▶ [Description of the task]: Reproduce verbatim the line where "finite_Lambda g_nonneg this]" occurs, along with all following lines down to the last line of the data.
Start of Block
(* Let $g_1,\dots,g_\ell,h_1,\dots,h_m\in\mathbb{R}[x]=\mathbb{R}[x_1,\dots,x_n]$, $g_0=1$, $S=\{x: g_i(x)\ge0,\ i=1,\dots,\ell\}$, $I=\langle h_1,\dots,h_m\rangle$, $K=S\cap\mathcal{V}(I)$, and suppose $\mathcal{I}(K)=I$. Fix an integer $k$ with $k\ge \deg g_i$ and $k\ge\deg h_j$ for all $i,j$, let $d_i=\max\{d\in\mathbb{N}: 2d+\deg g_i\le k\}$, $e_j=k-\deg h_j$, $\Lambda(d)=\{\alpha\in\mathbb{N}^n:|\alpha|\le d\}$, $X=\prod_{i=0}^\ell\mathbb{R}[x]_{d_i}^{\Lambda(d_i)}\times\prod_{j=1}^m\mathbb{R}[x]_{e_j}$, and $\phi:X\to\mathbb{R}[x]$, $\phi\big((q_{0\alpha})_{\alpha\in\Lambda(d_0)},\dots,(q_{\ell\alpha})_{\alpha\in\Lambda(d_\ell)},r_1,\dots,r_m\big)=\sum_{i=0}^\ell\sum_{\alpha\in\Lambda(d_i)}q_{i\alpha}^2g_i+\sum_{j=1}^m r_jh_j$. Then for $q\in X$, $\phi(q)\in I$ if and only if $q_{i\alpha}\in(I:\langle g_i\rangle)=\{s\in\mathbb{R}[x]: sg_i\in I\}$ for all $\alpha\in\Lambda(d_i)$ and all $i=0,1,\dots,\ell$.
   Context: $\mathbb{R}[x]_d$ denotes real polynomials of degree at most $d$. $\mathcal{V}(I)=\{x\in\mathbb{R}^n:p(x)=0\ \forall p\in I\}$ and $\mathcal{I}(K)=\{p\in\mathbb{R}[x]: p|_K=0\}$. *)

theory Defs
  imports "HOL-Analysis.Analysis" "HOL-Library.Poly_Mapping"
begin

text \<open>Real multivariate polynomials in the variables indexed by a finite type 'n
  (so R[x_1,...,x_n] with n = CARD('n)): finitely supported maps from monomials
  (exponent vectors 'n =>0 nat) to real coefficients; multiplication is the
  library's convolution product, giving a commutative ring.\<close>

type_synonym 'n mpoly = "('n \<Rightarrow>\<^sub>0 nat) \<Rightarrow>\<^sub>0 real"

definition mon_deg :: "('n::finite \<Rightarrow>\<^sub>0 nat) \<Rightarrow> nat" where
  "mon_deg \<alpha> = (\<Sum>i\<in>UNIV. Poly_Mapping.lookup \<alpha> i)"

text \<open>Total degree (the zero polynomial gets degree 0 by convention).\<close>
definition total_deg :: "'n::finite mpoly \<Rightarrow> nat" where
  "total_deg p = Max (insert 0 (mon_deg ` Poly_Mapping.keys p))"

definition mpoly_eval :: "'n::finite mpoly \<Rightarrow> real ^ 'n \<Rightarrow> real" where
  "mpoly_eval p x = (\<Sum>\<alpha>\<in>Poly_Mapping.keys p. Poly_Mapping.lookup p \<alpha> * (\<Prod>i\<in>UNIV. (x $ i) ^ Poly_Mapping.lookup \<alpha> i))"

definition polys_deg_le :: "nat \<Rightarrow> 'n::finite mpoly set" where
  "polys_deg_le d = {p. total_deg p \<le> d}"

definition Lambda :: "nat \<Rightarrow> ('n::finite \<Rightarrow>\<^sub>0 nat) set" where
  "Lambda d = {\<alpha>. mon_deg \<alpha> \<le> d}"

definition ideal_gen :: "nat \<Rightarrow> (nat \<Rightarrow> 'n::finite mpoly) \<Rightarrow> 'n mpoly set" where
  "ideal_gen m h = {p. \<exists>a. p = (\<Sum>j\<in>{1..m}. a j * h j)}"

definition zero_set :: "'n::finite mpoly set \<Rightarrow> (real ^ 'n) set" where
  "zero_set I = {x. \<forall>p\<in>I. mpoly_eval p x = 0}"

definition vanishing_ideal :: "(real ^ 'n) set \<Rightarrow> 'n::finite mpoly set" where
  "vanishing_ideal K = {p. \<forall>x\<in>K. mpoly_eval p x = 0}"

definition colon_ideal :: "'n::finite mpoly set \<Rightarrow> 'n mpoly \<Rightarrow> 'n mpoly set" where
  "colon_ideal I g = {s. s * g \<in> I}"

end

theory Submission imports Defs begin

text \<open>Since \<open>I = \<I>(K)\<close>, membership in \<open>I\<close> is tested pointwise on \<open>K\<close>. There every \<open>h\<^sub>j\<close>
  vanishes and every \<open>g\<^sub>i\<close> is nonnegative, so \<open>\<phi>(q)\<close> evaluates to a sum of nonnegative terms
  \<open>q\<^sub>i\<^sub>\<alpha>(x)\<^sup>2 g\<^sub>i(x)\<close>; it vanishes on \<open>K\<close> iff each \<open>q\<^sub>i\<^sub>\<alpha> g\<^sub>i\<close> does, i.e. iff \<open>q\<^sub>i\<^sub>\<alpha> \<in> (I : \<langle>g\<^sub>i\<rangle>)\<close>.\<close>

definition monomial_eval :: "('n::finite \<Rightarrow>\<^sub>0 nat) \<Rightarrow> real ^ 'n \<Rightarrow> real" where
  "monomial_eval \<alpha> x = (\<Prod>i\<in>UNIV. (x $ i) ^ Poly_Mapping.lookup \<alpha> i)"

lemma monomial_eval_add: "monomial_eval (\<alpha> + \<beta>) x = monomial_eval \<alpha> x * monomial_eval \<beta> x"
  by (simp add: monomial_eval_def lookup_add power_add prod.distrib)

lemma mpoly_eval_superset:
  assumes "finite A" "Poly_Mapping.keys p \<subseteq> A"
  shows "mpoly_eval p x = (\<Sum>\<alpha>\<in>A. Poly_Mapping.lookup p \<alpha> * monomial_eval \<alpha> x)"
  unfolding mpoly_eval_def monomial_eval_def
  by (rule sum.mono_neutral_left) (use assms in \<open>auto simp: in_keys_iff\<close>)

lemma mpoly_eval_0 [simp]: "mpoly_eval 0 x = 0"
  by (simp add: mpoly_eval_def)

lemma mpoly_eval_1 [simp]: "mpoly_eval 1 x = 1"
  by (simp add: mpoly_eval_def)

lemma mpoly_eval_add [simp]: "mpoly_eval (p + q) x = mpoly_eval p x + mpoly_eval q x"
proof -
  have "finite (Poly_Mapping.keys p \<union> Poly_Mapping.keys q)" by simp
  from mpoly_eval_superset[OF this] show ?thesis
    using keys_add[of p q] by (simp add: lookup_add distrib_right sum.distrib)
qed

lemma mpoly_eval_sum [simp]: "mpoly_eval (\<Sum>i\<in>A. f i) x = (\<Sum>i\<in>A. mpoly_eval (f i) x)"
  by (induction A rule: infinite_finite_induct) auto

lemma mpoly_eval_single: "mpoly_eval (Poly_Mapping.single \<alpha> c) x = c * monomial_eval \<alpha> x"
  by (simp add: mpoly_eval_def monomial_eval_def)

lemma mpoly_eq_sum_single:
  "p = (\<Sum>\<alpha>\<in>Poly_Mapping.keys p. Poly_Mapping.single \<alpha> (Poly_Mapping.lookup p \<alpha>))"
  by (rule poly_mapping_eqI)
     (auto simp: lookup_sum lookup_single when_def in_keys_iff sum.delta' intro: sum.neutral)

lemma mpoly_eval_as_sum:
  "mpoly_eval p x = (\<Sum>\<alpha>\<in>Poly_Mapping.keys p. Poly_Mapping.lookup p \<alpha> * monomial_eval \<alpha> x)"
  by (simp add: mpoly_eval_def monomial_eval_def)

lemma mpoly_eval_single_mult:
  "mpoly_eval (Poly_Mapping.single \<alpha> c * q) x = c * monomial_eval \<alpha> x * mpoly_eval q x"
proof -
  have "Poly_Mapping.single \<alpha> c * q =
      (\<Sum>\<beta>\<in>Poly_Mapping.keys q. Poly_Mapping.single \<alpha> c * Poly_Mapping.single \<beta> (Poly_Mapping.lookup q \<beta>))"
    by (subst mpoly_eq_sum_single[of q]) (simp add: sum_distrib_left)
  also have "mpoly_eval \<dots> x =
      c * monomial_eval \<alpha> x * (\<Sum>\<beta>\<in>Poly_Mapping.keys q. Poly_Mapping.lookup q \<beta> * monomial_eval \<beta> x)"
    by (simp add: mult_single mpoly_eval_single monomial_eval_add sum_distrib_left mult_ac)
  finally show ?thesis
    by (simp only: mpoly_eval_as_sum)
qed

lemma mpoly_eval_mult [simp]: "mpoly_eval (p * q) x = mpoly_eval p x * mpoly_eval q x"
proof -
  have "p * q = (\<Sum>\<alpha>\<in>Poly_Mapping.keys p. Poly_Mapping.single \<alpha> (Poly_Mapping.lookup p \<alpha>) * q)"
    by (subst mpoly_eq_sum_single[of p]) (simp add: sum_distrib_right)
  also have "mpoly_eval \<dots> x =
      (\<Sum>\<alpha>\<in>Poly_Mapping.keys p. Poly_Mapping.lookup p \<alpha> * monomial_eval \<alpha> x) * mpoly_eval q x"
    by (simp add: mpoly_eval_single_mult sum_distrib_right)
  finally show ?thesis
    by (simp only: mpoly_eval_as_sum)
qed

lemma mpoly_eval_power [simp]: "mpoly_eval (p ^ n) x = mpoly_eval p x ^ n"
  by (induction n) auto

lemma finite_Lambda: "finite (Lambda d :: ('n::finite \<Rightarrow>\<^sub>0 nat) set)"
proof -
  have "Poly_Mapping.lookup ` (Lambda d :: ('n \<Rightarrow>\<^sub>0 nat) set) \<subseteq> PiE UNIV (\<lambda>_. {0..d})"
  proof clarify
    fix \<alpha> :: "'n \<Rightarrow>\<^sub>0 nat" assume "\<alpha> \<in> Lambda d"
    moreover have "Poly_Mapping.lookup \<alpha> i \<le> mon_deg \<alpha>" for i
      unfolding mon_deg_def by (rule member_le_sum) auto
    ultimately show "Poly_Mapping.lookup \<alpha> \<in> PiE UNIV (\<lambda>_. {0..d})"
      by (auto simp: Lambda_def) (meson order_trans)
  qed
  then have "finite (Poly_Mapping.lookup ` (Lambda d :: ('n \<Rightarrow>\<^sub>0 nat) set))"
    by (rule finite_subset) (simp add: finite_PiE)
  moreover have "inj_on Poly_Mapping.lookup (Lambda d :: ('n \<Rightarrow>\<^sub>0 nat) set)"
    by (rule inj_onI) (simp add: poly_mapping_eqI)
  ultimately show ?thesis by (rule finite_imageD)
qed

lemma sum_weighted_squares_eq_0_iff:
  fixes f :: "'i \<Rightarrow> 'j \<Rightarrow> real"
  assumes "finite A" "\<And>i. i \<in> A \<Longrightarrow> finite (B i)" "\<And>i. i \<in> A \<Longrightarrow> w i \<ge> 0"
  shows "(\<Sum>i\<in>A. \<Sum>j\<in>B i. (f i j)\<^sup>2 * w i) = 0 \<longleftrightarrow> (\<forall>i\<in>A. \<forall>j\<in>B i. f i j * w i = 0)"
proof -
  have "(f i j)\<^sup>2 * w i = 0 \<longleftrightarrow> f i j * w i = 0" for i j
    by (simp add: power2_eq_square)
  moreover have "(f i j)\<^sup>2 * w i \<ge> 0" if "i \<in> A" for i j
    using assms(3)[OF that] by simp
  ultimately show ?thesis
    using assms(1,2) by (simp add: sum_nonneg_eq_0_iff sum_nonneg)
qed

lemma vanishing_ideal_add_right_iff:
  "p \<in> vanishing_ideal K \<Longrightarrow> a + p \<in> vanishing_ideal K \<longleftrightarrow> a \<in> vanishing_ideal K"
  by (simp add: vanishing_ideal_def)

lemma weighted_sos_plus_in_vanishing_ideal_iff:
  assumes "finite A" "\<And>i. i \<in> A \<Longrightarrow> finite (B i)"
    and "\<And>i x. i \<in> A \<Longrightarrow> x \<in> K \<Longrightarrow> mpoly_eval (g i) x \<ge> 0"
    and "p \<in> vanishing_ideal K"
  shows "(\<Sum>i\<in>A. \<Sum>\<alpha>\<in>B i. (q i \<alpha>)\<^sup>2 * g i) + p \<in> vanishing_ideal K
    \<longleftrightarrow> (\<forall>i\<in>A. \<forall>\<alpha>\<in>B i. q i \<alpha> \<in> colon_ideal (vanishing_ideal K) (g i))"
proof -
  have "(\<Sum>i\<in>A. \<Sum>\<alpha>\<in>B i. (q i \<alpha>)\<^sup>2 * g i) \<in> vanishing_ideal K \<longleftrightarrow>
      (\<forall>x\<in>K. (\<Sum>i\<in>A. \<Sum>\<alpha>\<in>B i. (mpoly_eval (q i \<alpha>) x)\<^sup>2 * mpoly_eval (g i) x) = 0)"
    by (simp add: vanishing_ideal_def)
  also have "\<dots> \<longleftrightarrow>
      (\<forall>x\<in>K. \<forall>i\<in>A. \<forall>\<alpha>\<in>B i. mpoly_eval (q i \<alpha>) x * mpoly_eval (g i) x = 0)"
    using assms(1-3) by (intro ball_cong refl sum_weighted_squares_eq_0_iff) auto
  also have "\<dots> \<longleftrightarrow> (\<forall>i\<in>A. \<forall>\<alpha>\<in>B i. q i \<alpha> \<in> colon_ideal (vanishing_ideal K) (g i))"
    by (auto simp: colon_ideal_def vanishing_ideal_def)
  finally show ?thesis
    using vanishing_ideal_add_right_iff[OF assms(4)] by simp
qed

theorem lemma2p4:
  fixes g h :: "nat \<Rightarrow> 'n::finite mpoly"
    and l m k :: nat
    and d e :: "nat \<Rightarrow> nat"
    and S K :: "(real ^ 'n) set"
    and I :: "'n mpoly set"
    and q :: "nat \<Rightarrow> ('n \<Rightarrow>\<^sub>0 nat) \<Rightarrow> 'n mpoly"
    and r :: "nat \<Rightarrow> 'n mpoly"
  assumes g0: "g 0 = 1"
    and S_def: "S = {x. \<forall>i\<in>{1..l}. mpoly_eval (g i) x \<ge> 0}"
    and I_def: "I = ideal_gen m h"
    and K_def: "K = S \<inter> zero_set I"
    and IK: "vanishing_ideal K = I"
    and kg: "\<forall>i\<in>{1..l}. total_deg (g i) \<le> k"
    and kh: "\<forall>j\<in>{1..m}. total_deg (h j) \<le> k"
    and d_def: "\<forall>i\<in>{0..l}. d i = (GREATEST dd. 2 * dd + total_deg (g i) \<le> k)"
    and e_def: "\<forall>j\<in>{1..m}. e j = k - total_deg (h j)"
    and qX: "\<forall>i\<in>{0..l}. \<forall>\<alpha>\<in>Lambda (d i). q i \<alpha> \<in> polys_deg_le (d i)"
    and rX: "\<forall>j\<in>{1..m}. r j \<in> polys_deg_le (e j)"
  shows "(\<Sum>i\<in>{0..l}. \<Sum>\<alpha>\<in>Lambda (d i). (q i \<alpha>)\<^sup>2 * g i) + (\<Sum>j\<in>{1..m}. r j * h j) \<in> I
     \<longleftrightarrow> (\<forall>i\<in>{0..l}. \<forall>\<alpha>\<in>Lambda (d i). q i \<alpha> \<in> colon_ideal I (g i))"
proof -
  have g_nonneg: "mpoly_eval (g i) x \<ge> 0" if "i \<in> {0..l}" "x \<in> K" for i x
    using that g0 by (cases "i = 0") (auto simp: K_def S_def)
  have "(\<Sum>j\<in>{1..m}. r j * h j) \<in> vanishing_ideal K"
    unfolding IK I_def ideal_gen_def by blast
  from weighted_sos_plus_in_vanishing_ideal_iff
      [where A = "{0..l}" and B = "\<lambda>i. Lambda (d i)" and g = g and q = q, OF _ finite_Lambda g_nonneg this]
  show ?thesis
    by (simp only: IK finite_atLeastAtMost)
qed

end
End of Block
▶ [Exercise result]:
      [where A = "{0..l}" and B = "\<lambda>i. Lambda (d i)" and g = g and q = q, OF _ finite_Lambda g_nonneg this]
  show ?thesis
    by (simp only: IK finite_atLeastAtMost)
qed

end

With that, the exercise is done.